When it’s time to pull out the stops

Image of Harry Eyres

Perhaps you either “get” organs and organ music or you don’t. I once encountered someone who said, at our first or second meeting, that organ music was high on her hate list. I thought we were destined to become soulmates. If that was not quite the way things panned out, our shared dislike of organ music remained a solid bond. If you asked me what I didn’t like about organ music, I would say I had a similar aversion to mud and gravy: things whose essence is to be thoroughly mixed-up and messy.

My friend and I are odd ones out. The organ for so many centuries was regarded as the king of instruments, by no lesser composers than JS Bach, Handel and Mozart. Prejudices are there to be tested, so I tested mine by going to visit the long-established, quietly successful British firm of organ builders Harrison & Harrison (H&H to its friends), which was founded by Thomas Harrison in Rochdale in 1861, upped sticks to Durham in 1872, but has otherwise changed rather little in its 150 years of existence. I might still be an agnostic about organ music but I am thoroughly converted to the fascination of organ-building.

Thomas Harrison, in old photographs, has the visionary look of a Victorian sage or prophet combined with the rugged toughness of a northern businessman. He embodies the part-spiritual, part-entrepreneurial genius of the Victorian and Edwardian heyday of British organ-building. Between 1904 and 1939 H&H rebuilt 19 cathedral organs, including those of Durham, Ely, Salisbury and Winchester; but the business also expanded internationally, especially in North America. All this time it remained a family firm and, if there is no longer a Harrison at the helm, the company retains its settled, collegiate, old-fashioned (in the best sense) feel; one sound-board specialist I spoke to represented the third generation of his family to work for H&H.

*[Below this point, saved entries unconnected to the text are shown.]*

lemma substTy_substTy: "j \<le> i \<Longrightarrow>
    substTy i B (substTy j A t) = substTy j (substTr i B A) (substTy (Suc i) (map (liftv j) B) t)"
  by (induct t arbitrary: i j A B)
    (auto simp: substv_substv liftv_comp substv_liftv0_comp map_concat)

lemma substTM_substTM: "j \<le> i \<Longrightarrow>
    substTM i B (substTM j A t) = substTM j (substTr i B A) (substTM (Suc i) (map (liftv j) B) t)"
proof (induct t arbitrary: i j A B)
  case (TApp t x)
  then show ?case using substTr_substTr[of j i B A x] by simp
qed (auto simp: substv_substv liftv_comp substv_liftv0_comp map_concat substTy_substTy)

section \<open>Parallel beta-reduction\<close>

inductive pb :: "'b tm \<Rightarrow> 'b tm \<Rightarrow> bool" where
  pb_var: "pb (Var i) (Var i)"
| pb_app: "pb M M' \<Longrightarrow> pb N N' \<Longrightarrow> pb (App M N) (App M' N')"
| pb_lam: "pb M M' \<Longrightarrow> pb (Lam t M) (Lam t M')"
| pb_quo: "pb M M' \<Longrightarrow> pb (Quo a M) (Quo a M')"
| pb_unq: "pb M M' \<Longrightarrow> pb (Unq a M) (Unq a M')"
| pb_tlam: "pb M M' \<Longrightarrow> pb (TLam M) (TLam M')"
| pb_tapp: "pb M M' \<Longrightarrow> pb (TApp M A) (TApp M' A)"
| pb_beta: "pb M M' \<Longrightarrow> pb N N' \<Longrightarrow> pb (App (Lam t M) N) (subst 0 N' M')"
| pb_tbeta: "pb M M' \<Longrightarrow> pb (TApp (TLam M) A) (substTM 0 A M')"

inductive_cases pbE_lam: "pb (Lam t M) N"
inductive_cases pbE_quo: "pb (Quo a M) N"
inductive_cases pbE_tlam: "pb (TLam M) N"

lemma pb_refl [simp, intro]: "pb M M"
  by (induct M) (auto intro: pb.intros)

lemma pb_quoteT: "pb M M' \<Longrightarrow> pb (quoteT C M) (quoteT C M')"
  by (induct C) (auto intro: pb.intros)

lemma pb_unquoteT: "pb M M' \<Longrightarrow> pb (unquoteT C M) (unquoteT C M')"
  by (induct C arbitrary: M M') (auto intro: pb.intros)
(* Let $n\ge3$, $b\in\mathbb{R}^n$, $K\in\{0,\ldots,n-3\}$, $\gamma>0$, and let $x^*$ be a d-stationary point of $$\min_{x\in\mathbb{R}^n}\ \tfrac12\|b-x\|_2^2+\gamma T_{K,n-2,1}(D^{(2,n)}x).$$ Let $X\in\mathbb{R}^{n\times2}$ be the matrix whose $i$-th row is $(1,i)$ and $\hat b=X(X^\top X)^{-1}X^\top b$. If $$\gamma>\frac{\|b-\hat b\|_2}{2\sqrt{(1-\cos\frac{\pi}{n})(1-\cos\frac{\pi}{n-1})}},$$ then $T_{K,n-2,1}(D^{(2,n)}x^* )=0$.
   Context: $D^{(2,n)}\in\mathbb{R}^{(n-2)\times n}$ is the second-order difference matrix: its $i$-th row has entries $1,-2,1$ in columns $i,i+1,i+2$ and zeros elsewhere. $T_{K,m,1}(z)$ for $z\in\mathbb{R}^m$ is the sum of the $m-K$ smallest values among $|z_1|,\ldots,|z_m|$. A point is d-stationary if the directional derivative of the objective there is $\ge0$ in every direction. *)

theory Defs
  imports "HOL-Analysis.Analysis"
begin

(* Vectors in R^n are represented as functions nat => real; only the
   coordinates 0..n-1 are used (coordinate i here is coordinate i+1 of the paper). *)

definition D2 :: "nat \<Rightarrow> (nat \<Rightarrow> real) \<Rightarrow> (nat \<Rightarrow> real)" where
  "D2 n x = (\<lambda>i. if i < n - 2 then x i - 2 * x (i+1) + x (i+2) else 0)"

definition trimmed_l1 :: "nat \<Rightarrow> nat \<Rightarrow> (nat \<Rightarrow> real) \<Rightarrow> real" where
  "trimmed_l1 K m z = sum_list (take (m - K) (sort (map (\<lambda>i. \<bar>z i\<bar>) [0..<m])))"

definition objective :: "nat \<Rightarrow> nat \<Rightarrow> real \<Rightarrow> (nat \<Rightarrow> real) \<Rightarrow> (nat \<Rightarrow> real) \<Rightarrow> real" where
  "objective n K \<gamma> b x =
     (1/2) * (\<Sum>i<n. (b i - x i)^2) + \<gamma> * trimmed_l1 K (n - 2) (D2 n x)"

definition has_dir_deriv :: "((nat \<Rightarrow> real) \<Rightarrow> real) \<Rightarrow> (nat \<Rightarrow> real) \<Rightarrow> (nat \<Rightarrow> real) \<Rightarrow> real \<Rightarrow> bool" where
  "has_dir_deriv f x d D \<longleftrightarrow>
     ((\<lambda>t. (f (\<lambda>i. x i + t * d i) - f x) / t) \<longlongrightarrow> D) (at_right 0)"

definition d_stationary :: "((nat \<Rightarrow> real) \<Rightarrow> real) \<Rightarrow> (nat \<Rightarrow> real) \<Rightarrow> bool" where
  "d_stationary f x \<longleftrightarrow> (\<forall>d. \<exists>D. has_dir_deriv f x d D \<and> D \<ge> 0)"

(* Projection bhat = X (X^T X)^{-1} X^T b, where row i (1-based) of X is (1, i).
   Written out: G = X^T X = [[s0, s1],[s1, s2]], c = X^T b = (c0, c1),
   (alpha, beta) = G^{-1} c (explicit 2x2 inverse), bhat_i = alpha + beta * i. *)
definition proj_lin :: "nat \<Rightarrow> (nat \<Rightarrow> real) \<Rightarrow> (nat \<Rightarrow> real)" where
  "proj_lin n b = (let
      s0 = (\<Sum>i<n. 1::real);
      s1 = (\<Sum>i<n. real (i+1));
      s2 = (\<Sum>i<n. real (i+1)^2);
      c0 = (\<Sum>i<n. b i);
      c1 = (\<Sum>i<n. real (i+1) * b i);
      det = s0 * s2 - s1^2;
      \<alpha> = (s2 * c0 - s1 * c1) / det;
      \<beta> = (s0 * c1 - s1 * c0) / det
    in (\<lambda>i. \<alpha> + \<beta> * real (i+1)))"

definition norm2 :: "nat \<Rightarrow> (nat \<Rightarrow> real) \<Rightarrow> real" where
  "norm2 n v = sqrt (\<Sum>i<n. (v i)^2)"

end

theory Submission
  imports Defs
begin

(*
  Write sigma = 2 sqrt ((1 - cos (pi/n)) (1 - cos (pi/(n-1)))), T for the trimmed l1 term and
  R for the residual map of least-squares fitting by affine sequences, so that b - bhat = R b
  and D2 (R y) = D2 y.  Assume T (D2 x) > 0 at a d-stationary point x; put w = R (b - x).

  Moving along -R x multiplies D2 x, and hence T, by 1 - t; stationarity gives
  <w, R x> >= gamma T >= 0, and since w = R b - R x this yields ||w|| <= ||R b||.

  Some nonzero entry (D2 x)_i is among the n - 2 - K smallest in absolute value, so lowering
  |(D2 x)_i| by t lowers T by at least t.  Moving along R g, where D2 g is the unit vector e_i,
  does exactly this; stationarity gives gamma <= |<w, g>| <= ||w|| ||g||.

  Finally ||g|| sigma <= 1 (from |g_j| <= (n - 1)/4, 1 - cos u <= u^2/2 and pi^4 < 98.5), so
  gamma sigma <= ||R b||, contradicting the hypothesis.
*)

lemma sum_take_sorted_le_sum_mset:
  fixes ys :: "'a :: {linorder, ordered_comm_monoid_add} list"
  assumes "sorted ys" "M \<subseteq># mset ys" "size M = k"
  shows "sum_list (take k ys) \<le> sum_mset M"
  using assms
proof (induction ys arbitrary: k M)
  case Nil then show ?case by simp
next
  case (Cons y ys)
  show ?case
  proof (cases k)
    case 0 then show ?thesis using Cons by simp
  next
    case (Suc k')
    have "sorted ys" using Cons.prems(1) by simp
    show ?thesis
    proof (cases "y \<in># M")
      case True
      then obtain M' where M: "M = add_mset y M'" by (metis multi_member_split)
      have "sum_list (take k' ys) \<le> sum_mset M'"
        using Cons M Suc \<open>sorted ys\<close> by auto
      then show ?thesis using M Suc by (simp add: add_left_mono)
    next
      case False
      then have sub: "M \<subseteq># mset ys" using Cons.prems(2)
        by (metis mset.simps(2) Diff_eq_empty_iff_mset minus_add_mset_if_not_in_lhs)
      obtain u M' where M: "M = add_mset u M'"
        using Cons.prems(3) Suc by (metis multiset_cases size_empty nat.distinct(1))
      have "y \<le> u" using Cons.prems(1) sub M by (auto dest: mset_subset_eqD)
      moreover have "M' \<subseteq># mset ys"
        using sub M by (metis mset_subset_eq_insertD subset_mset.less_imp_le)
      then have "sum_list (take k' ys) \<le> sum_mset M'"
        using Cons.IH[OF \<open>sorted ys\<close>] M Cons.prems(3) Suc by simp
      ultimately show ?thesis using M Suc by (simp add: add_mono)
    qed
  qed
qed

Making an organ is a complicated process, probably appealing to those who were good at constructing dodecahedrons and Airfix models of second world war aircraft at school. But while I learnt about the fine distinctions between electromagnetic and tracker actions, the secrets of spotted metal and mandrels, I found my attention wandering from the specifics of organs to wider questions of what constitutes a company, an industry or an economy.

Organ-building is obviously a kind of industry that contributes to the economy, but it could hardly be less like the kind of grey, abstract-sounding kind of thing – software design, financial engineering – we are all supposed to be engaged in, in desperate competition with frighteningly focused people from Asia. Organ-building is a wonderfully improbable activity, very physical, all about passion, strangeness, intricacy, obsession, beauty.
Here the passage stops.